## Problem statement:
Nothing but the lines from the one containing "i \<noteq> \<pi>" through the last line of the records below should be written out, each exactly as it stands.

◆ ◆ ◆ ◆ ◆ ◆ ◆

(* Let $G=(V,E,\gamma,c)$ be a typed DAG task executed on a platform with $M_s\ge1$ cores of each type $s\in S$ under any work-conserving scheduling algorithm, and let $R(G)$ be its worst-case response time. Then \[ R(G)\le \max_{\pi}\widetilde R(\pi),\qquad \widetilde R(\pi)=len(\pi)+\sum_{s\in S}\sum_{v\in\mathrm{ivs}(\pi,s)}\frac{c(v)}{M_s}, \] where the maximum ranges over the paths $\pi$ of $G$.
   Context: A typed DAG task is $G=(V,E,\gamma,c)$ where $(V,E)$ is a finite directed acyclic graph with a unique source $v_{src}$ and a unique sink $v_{snk}$, $S$ is a finite set of core types, $\gamma:V\to S$ gives the type of each vertex, and $c:V\to\mathbb{R}_{\ge0}$ gives the WCET of each vertex. The platform has $M_s\ge1$ cores of type $s$. $\mathrm{ans}(u)$, $\mathrm{des}(u)$ denote ancestors and descendants of $u$. For a path $\pi$, $len(\pi)=\sum_{u\in\pi}c(u)$. For $v\in V$, $\mathrm{par}(v)=\{u\in V: u\ne v,\ \gamma(u)=\gamma(v),\ u\notin \mathrm{ans}(v)\cup\mathrm{des}(v)\}$. For a path $\pi=(\tau_1,\dots,\tau_k)$ and $s\in S$, $\mathrm{ivs}(\pi,s)=\bigcup_{i:\gamma(\tau_i)=s}\mathrm{par}(\tau_i)$. Runtime model: a vertex becomes eligible when all its predecessors have finished (the source at time $0$); a vertex $v$ may only execute on cores of type $\gamma(v)$, one core at a time, for a total of at most $c(v)$ time units (possibly less). Scheduling is work-conserving: an eligible unfinished vertex of type $s$ must be executing whenever some core of type $s$ is available. The response time of an execution sequence is the finish time of $v_{snk}$; $R(G)$ is the maximum (supremum) response time over all possible execution sequences. *)

theory Defs
  imports "HOL-Analysis.Analysis"
begin

definition typed_dag_task ::
  "'v set \<Rightarrow> ('v \<times> 'v) set \<Rightarrow> 's set \<Rightarrow> ('v \<Rightarrow> 's) \<Rightarrow> ('v \<Rightarrow> real) \<Rightarrow> 'v \<Rightarrow> 'v \<Rightarrow> bool" where
  "typed_dag_task V E S \<gamma> c src snk \<longleftrightarrow>
     finite V \<and> E \<subseteq> V \<times> V \<and> acyclic E \<and> finite S \<and> \<gamma> ` V \<subseteq> S \<and>
     (\<forall>v\<in>V. c v \<ge> 0) \<and>
     src \<in> V \<and> snk \<in> V \<and>
     (\<forall>v\<in>V. (\<forall>u. (u, v) \<notin> E) \<longleftrightarrow> v = src) \<and>
     (\<forall>v\<in>V. (\<forall>w. (v, w) \<notin> E) \<longleftrightarrow> v = snk)"

definition ans :: "('v \<times> 'v) set \<Rightarrow> 'v \<Rightarrow> 'v set" where
  "ans E v = {u. (u, v) \<in> E\<^sup>+}"

definition des :: "('v \<times> 'v) set \<Rightarrow> 'v \<Rightarrow> 'v set" where
  "des E v = {w. (v, w) \<in> E\<^sup>+}"

definition par :: "'v set \<Rightarrow> ('v \<times> 'v) set \<Rightarrow> ('v \<Rightarrow> 's) \<Rightarrow> 'v \<Rightarrow> 'v set" where
  "par V E \<gamma> v = {u \<in> V. u \<noteq> v \<and> \<gamma> u = \<gamma> v \<and> u \<notin> ans E v \<union> des E v}"

definition is_path :: "'v set \<Rightarrow> ('v \<times> 'v) set \<Rightarrow> 'v list \<Rightarrow> bool" where
  "is_path V E \<pi> \<longleftrightarrow> \<pi> \<noteq> [] \<and> set \<pi> \<subseteq> V \<and>
     (\<forall>i. Suc i < length \<pi> \<longrightarrow> (\<pi> ! i, \<pi> ! Suc i) \<in> E)"

definition paths :: "'v set \<Rightarrow> ('v \<times> 'v) set \<Rightarrow> 'v list set" where
  "paths V E = {\<pi>. is_path V E \<pi>}"

definition len :: "('v \<Rightarrow> real) \<Rightarrow> 'v list \<Rightarrow> real" where
  "len c \<pi> = (\<Sum>u\<leftarrow>\<pi>. c u)"

definition ivs :: "'v set \<Rightarrow> ('v \<times> 'v) set \<Rightarrow> ('v \<Rightarrow> 's) \<Rightarrow> 'v list \<Rightarrow> 's \<Rightarrow> 'v set" where
  "ivs V E \<gamma> \<pi> s = (\<Union>i\<in>{i. i < length \<pi> \<and> \<gamma> (\<pi> ! i) = s}. par V E \<gamma> (\<pi> ! i))"

definition R_tilde ::
  "'v set \<Rightarrow> ('v \<times> 'v) set \<Rightarrow> 's set \<Rightarrow> ('v \<Rightarrow> 's) \<Rightarrow> ('v \<Rightarrow> real) \<Rightarrow> ('s \<Rightarrow> nat) \<Rightarrow> 'v list \<Rightarrow> real" where
  "R_tilde V E S \<gamma> c M \<pi> =
     len c \<pi> + (\<Sum>s\<in>S. \<Sum>v\<in>ivs V E \<gamma> \<pi> s. c v / real (M s))"

text \<open>An execution sequence is given by
  run t  : the set of vertices executing at time t (each on one core),
  e v    : the actual execution time of v (0 \<le> e v \<le> c v),
  f v    : the finish time of v.\<close>

definition work :: "(real \<Rightarrow> 'v set) \<Rightarrow> 'v \<Rightarrow> real \<Rightarrow> real" where
  "work run v t = measure lborel ({\<tau>. v \<in> run \<tau>} \<inter> {0..<t})"

definition eligible :: "('v \<times> 'v) set \<Rightarrow> ('v \<Rightarrow> real) \<Rightarrow> real \<Rightarrow> 'v \<Rightarrow> bool" where
  "eligible E f t v \<longleftrightarrow> 0 \<le> t \<and> (\<forall>u. (u, v) \<in> E \<longrightarrow> f u \<le> t)"

definition busy :: "(real \<Rightarrow> 'v set) \<Rightarrow> ('v \<Rightarrow> 's) \<Rightarrow> real \<Rightarrow> 's \<Rightarrow> nat" where
  "busy run \<gamma> t s = card {u \<in> run t. \<gamma> u = s}"

definition exec_seq ::
  "'v set \<Rightarrow> ('v \<times> 'v) set \<Rightarrow> ('v \<Rightarrow> 's) \<Rightarrow> ('v \<Rightarrow> real) \<Rightarrow> ('s \<Rightarrow> nat)
   \<Rightarrow> (real \<Rightarrow> 'v set) \<Rightarrow> ('v \<Rightarrow> real) \<Rightarrow> ('v \<Rightarrow> real) \<Rightarrow> bool" where
  "exec_seq V E \<gamma> c M run e f \<longleftrightarrow>
     \<comment> \<open>actual execution times\<close>
     (\<forall>v\<in>V. 0 \<le> e v \<and> e v \<le> c v) \<and>
     \<comment> \<open>measurability of execution intervals\<close>
     (\<forall>v. {\<tau>. v \<in> run \<tau>} \<in> sets lborel) \<and>
     \<comment> \<open>only eligible, unfinished vertices of the task execute\<close>
     (\<forall>t v. v \<in> run t \<longrightarrow> v \<in> V \<and> eligible E f t v \<and> t < f v) \<and>
     \<comment> \<open>at most M s cores of type s are in use (a vertex runs on one core of its own type)\<close>
     (\<forall>t s. busy run \<gamma> t s \<le> M s) \<and>
     \<comment> \<open>finishing: v finishes once eligible and its work reaches e v, not earlier\<close>
     (\<forall>v\<in>V. eligible E f (f v) v \<and> work run v (f v) = e v \<and>
        (\<forall>t. eligible E f t v \<and> t < f v \<longrightarrow> work run v t < e v)) \<and>
     \<comment> \<open>work-conserving\<close>
     (\<forall>t v. v \<in> V \<and> eligible E f t v \<and> t < f v \<longrightarrow>
        v \<in> run t \<or> busy run \<gamma> t (\<gamma> v) = M (\<gamma> v))"

end

theory Submission
  imports Defs
begin

text \<open>Follow a critical path backwards from the sink, always stepping to the predecessor that
  finishes last. At every instant before the sink finishes some vertex w of this path is eligible
  and unfinished. Either w is running, which is paid for by the length of the path, or by work
  conservation all M s cores of type s = \<gamma> w are busy; the vertices occupying them are
  incomparable to w, so they lie in par w, and such instants are paid for by the interference
  term. Integrating this pointwise bound over time, with the work of each vertex at most its
  WCET, gives the bound.\<close>

lemma is_path_nth_trancl:
  assumes "is_path V E \<pi>" "j < length \<pi>" "i < j"
  shows "(\<pi> ! i, \<pi> ! j) \<in> E\<^sup>+"
  using assms(2,3)
proof (induction j)
  case 0
  then show ?case by simp
next
  case (Suc j)
  have "(\<pi> ! j, \<pi> ! Suc j) \<in> E"
    using assms(1) Suc.prems unfolding is_path_def by blast
  moreover have "i = j \<or> (\<pi> ! i, \<pi> ! j) \<in> E\<^sup>+"
    using Suc by (cases "i = j") auto
  ultimately show ?case by auto
qed

lemma distinct_is_path:
  assumes "acyclic E" "is_path V E \<pi>"
  shows "distinct \<pi>"
  unfolding distinct_conv_nth
proof (intro allI impI)
  fix i j assume ij: "i < length \<pi>" "j < length \<pi>" "i \<noteq> j"
  have "(\<pi> ! i, \<pi> ! j) \<in> E\<^sup>+ \<or> (\<pi> ! j, \<pi> ! i) \<in> E\<^sup>+"
    using ij is_path_nth_trancl[OF assms(2)] by (metis linorder_neqE_nat)
  then show "\<pi> ! i \<noteq> \<pi> ! j"
    using assms(1) unfolding acyclic_def by metis
qed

◆ ◆ ◆ ◆ ◆ ◆ ◆

## Result:
  then show "\<pi> ! i \<noteq> \<pi> ! j"
    using assms(1) unfolding acyclic_def by metis
qed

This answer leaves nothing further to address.